What you are asked to do:
Check every line below for the string "relators", and copy the lines that contain it.

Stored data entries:
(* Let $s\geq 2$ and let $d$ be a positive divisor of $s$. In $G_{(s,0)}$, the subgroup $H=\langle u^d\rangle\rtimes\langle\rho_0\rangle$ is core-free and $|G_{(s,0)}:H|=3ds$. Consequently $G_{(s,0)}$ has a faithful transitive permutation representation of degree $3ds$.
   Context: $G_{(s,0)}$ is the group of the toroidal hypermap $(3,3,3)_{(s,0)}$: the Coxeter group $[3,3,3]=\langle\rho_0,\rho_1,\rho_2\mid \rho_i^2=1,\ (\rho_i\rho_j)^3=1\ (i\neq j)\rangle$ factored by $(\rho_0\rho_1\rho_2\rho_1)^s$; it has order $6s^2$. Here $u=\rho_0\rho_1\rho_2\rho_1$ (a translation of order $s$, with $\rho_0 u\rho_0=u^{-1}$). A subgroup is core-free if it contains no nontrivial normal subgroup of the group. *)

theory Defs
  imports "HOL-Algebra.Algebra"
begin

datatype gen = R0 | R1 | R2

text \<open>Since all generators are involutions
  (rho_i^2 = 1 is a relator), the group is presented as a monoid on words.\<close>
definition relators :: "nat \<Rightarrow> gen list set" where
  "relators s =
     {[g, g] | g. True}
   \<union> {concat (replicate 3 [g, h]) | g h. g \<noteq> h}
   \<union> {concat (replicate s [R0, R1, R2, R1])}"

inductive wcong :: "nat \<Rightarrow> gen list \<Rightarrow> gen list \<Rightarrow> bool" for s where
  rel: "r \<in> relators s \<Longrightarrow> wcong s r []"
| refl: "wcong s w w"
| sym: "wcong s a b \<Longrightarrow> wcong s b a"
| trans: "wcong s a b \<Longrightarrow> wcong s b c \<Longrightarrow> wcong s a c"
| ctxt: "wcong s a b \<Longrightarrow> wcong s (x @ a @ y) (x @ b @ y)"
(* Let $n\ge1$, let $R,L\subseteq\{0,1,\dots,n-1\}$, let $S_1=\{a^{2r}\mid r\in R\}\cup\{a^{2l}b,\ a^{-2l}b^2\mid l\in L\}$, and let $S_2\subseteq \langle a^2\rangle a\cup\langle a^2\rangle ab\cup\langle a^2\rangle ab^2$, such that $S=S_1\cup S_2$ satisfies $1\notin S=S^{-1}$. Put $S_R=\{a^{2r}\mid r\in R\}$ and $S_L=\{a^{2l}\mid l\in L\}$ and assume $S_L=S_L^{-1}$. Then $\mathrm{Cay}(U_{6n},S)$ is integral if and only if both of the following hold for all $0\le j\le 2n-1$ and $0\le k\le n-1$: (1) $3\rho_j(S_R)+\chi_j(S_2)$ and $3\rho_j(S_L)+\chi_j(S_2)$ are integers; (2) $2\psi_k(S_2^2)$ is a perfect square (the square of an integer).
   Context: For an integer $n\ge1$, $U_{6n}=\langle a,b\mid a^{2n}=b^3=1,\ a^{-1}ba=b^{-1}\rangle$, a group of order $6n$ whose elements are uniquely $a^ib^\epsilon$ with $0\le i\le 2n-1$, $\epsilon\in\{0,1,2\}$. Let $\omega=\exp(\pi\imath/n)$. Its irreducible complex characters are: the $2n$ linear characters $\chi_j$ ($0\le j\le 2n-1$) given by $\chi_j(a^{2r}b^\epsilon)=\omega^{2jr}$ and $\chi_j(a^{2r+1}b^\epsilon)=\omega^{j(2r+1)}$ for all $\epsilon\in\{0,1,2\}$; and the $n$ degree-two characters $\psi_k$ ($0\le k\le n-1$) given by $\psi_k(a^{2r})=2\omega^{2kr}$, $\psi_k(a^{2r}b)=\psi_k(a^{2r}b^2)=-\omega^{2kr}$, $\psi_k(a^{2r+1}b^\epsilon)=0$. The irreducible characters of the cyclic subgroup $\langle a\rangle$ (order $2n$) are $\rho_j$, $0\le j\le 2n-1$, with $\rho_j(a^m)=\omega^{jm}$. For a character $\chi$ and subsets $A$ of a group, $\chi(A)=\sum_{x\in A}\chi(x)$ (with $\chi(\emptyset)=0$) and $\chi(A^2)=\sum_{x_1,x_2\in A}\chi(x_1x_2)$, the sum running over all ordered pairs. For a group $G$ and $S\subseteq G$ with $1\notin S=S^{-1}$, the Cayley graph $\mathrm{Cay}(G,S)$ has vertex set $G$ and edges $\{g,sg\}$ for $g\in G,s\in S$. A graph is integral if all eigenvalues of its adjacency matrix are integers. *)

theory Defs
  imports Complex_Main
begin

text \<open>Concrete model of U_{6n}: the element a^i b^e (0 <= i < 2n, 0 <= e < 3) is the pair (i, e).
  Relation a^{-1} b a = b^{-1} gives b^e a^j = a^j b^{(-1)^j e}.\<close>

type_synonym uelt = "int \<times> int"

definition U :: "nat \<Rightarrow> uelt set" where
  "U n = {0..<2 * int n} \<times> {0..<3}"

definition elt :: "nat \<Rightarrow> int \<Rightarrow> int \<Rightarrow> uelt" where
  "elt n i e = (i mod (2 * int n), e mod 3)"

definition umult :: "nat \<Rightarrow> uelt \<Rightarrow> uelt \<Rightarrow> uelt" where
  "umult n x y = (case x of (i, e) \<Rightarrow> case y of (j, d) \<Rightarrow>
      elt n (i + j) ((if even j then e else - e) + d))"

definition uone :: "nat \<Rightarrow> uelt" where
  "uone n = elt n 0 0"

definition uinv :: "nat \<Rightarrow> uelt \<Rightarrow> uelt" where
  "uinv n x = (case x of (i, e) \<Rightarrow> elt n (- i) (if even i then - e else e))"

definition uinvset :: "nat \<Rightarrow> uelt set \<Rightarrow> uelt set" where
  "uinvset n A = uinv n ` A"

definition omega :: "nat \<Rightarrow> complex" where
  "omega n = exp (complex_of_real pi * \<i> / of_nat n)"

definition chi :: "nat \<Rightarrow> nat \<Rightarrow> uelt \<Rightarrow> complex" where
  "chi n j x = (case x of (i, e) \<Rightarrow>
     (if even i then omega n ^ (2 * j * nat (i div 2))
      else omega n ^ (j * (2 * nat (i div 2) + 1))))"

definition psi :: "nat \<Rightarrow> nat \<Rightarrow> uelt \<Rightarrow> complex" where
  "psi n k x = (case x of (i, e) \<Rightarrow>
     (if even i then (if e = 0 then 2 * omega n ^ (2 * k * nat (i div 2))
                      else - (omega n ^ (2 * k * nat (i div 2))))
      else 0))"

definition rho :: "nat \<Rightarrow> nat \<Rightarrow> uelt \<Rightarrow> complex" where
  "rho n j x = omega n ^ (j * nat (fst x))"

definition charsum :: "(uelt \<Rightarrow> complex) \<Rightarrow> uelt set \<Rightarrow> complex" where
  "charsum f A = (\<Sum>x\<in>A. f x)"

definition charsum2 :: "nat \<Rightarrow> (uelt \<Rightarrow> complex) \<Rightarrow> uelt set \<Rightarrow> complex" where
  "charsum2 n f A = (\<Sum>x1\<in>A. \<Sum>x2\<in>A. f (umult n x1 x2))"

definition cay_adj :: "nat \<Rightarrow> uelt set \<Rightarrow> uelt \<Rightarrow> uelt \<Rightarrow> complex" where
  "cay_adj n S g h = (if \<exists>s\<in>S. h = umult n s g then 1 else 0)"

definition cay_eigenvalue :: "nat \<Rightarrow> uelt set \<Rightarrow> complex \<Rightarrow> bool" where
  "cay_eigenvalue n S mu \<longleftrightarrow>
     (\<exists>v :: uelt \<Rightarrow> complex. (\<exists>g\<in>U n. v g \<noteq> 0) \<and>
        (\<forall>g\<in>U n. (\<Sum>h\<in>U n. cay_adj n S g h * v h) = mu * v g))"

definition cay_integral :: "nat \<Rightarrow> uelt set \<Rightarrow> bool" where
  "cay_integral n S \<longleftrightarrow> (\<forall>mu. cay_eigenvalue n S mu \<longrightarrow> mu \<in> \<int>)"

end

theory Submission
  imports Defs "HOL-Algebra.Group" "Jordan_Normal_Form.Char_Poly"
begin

Written answer:
definition relators :: "nat \<Rightarrow> gen list set" where
  "relators s =
  rel: "r \<in> relators s \<Longrightarrow> wcong s r []"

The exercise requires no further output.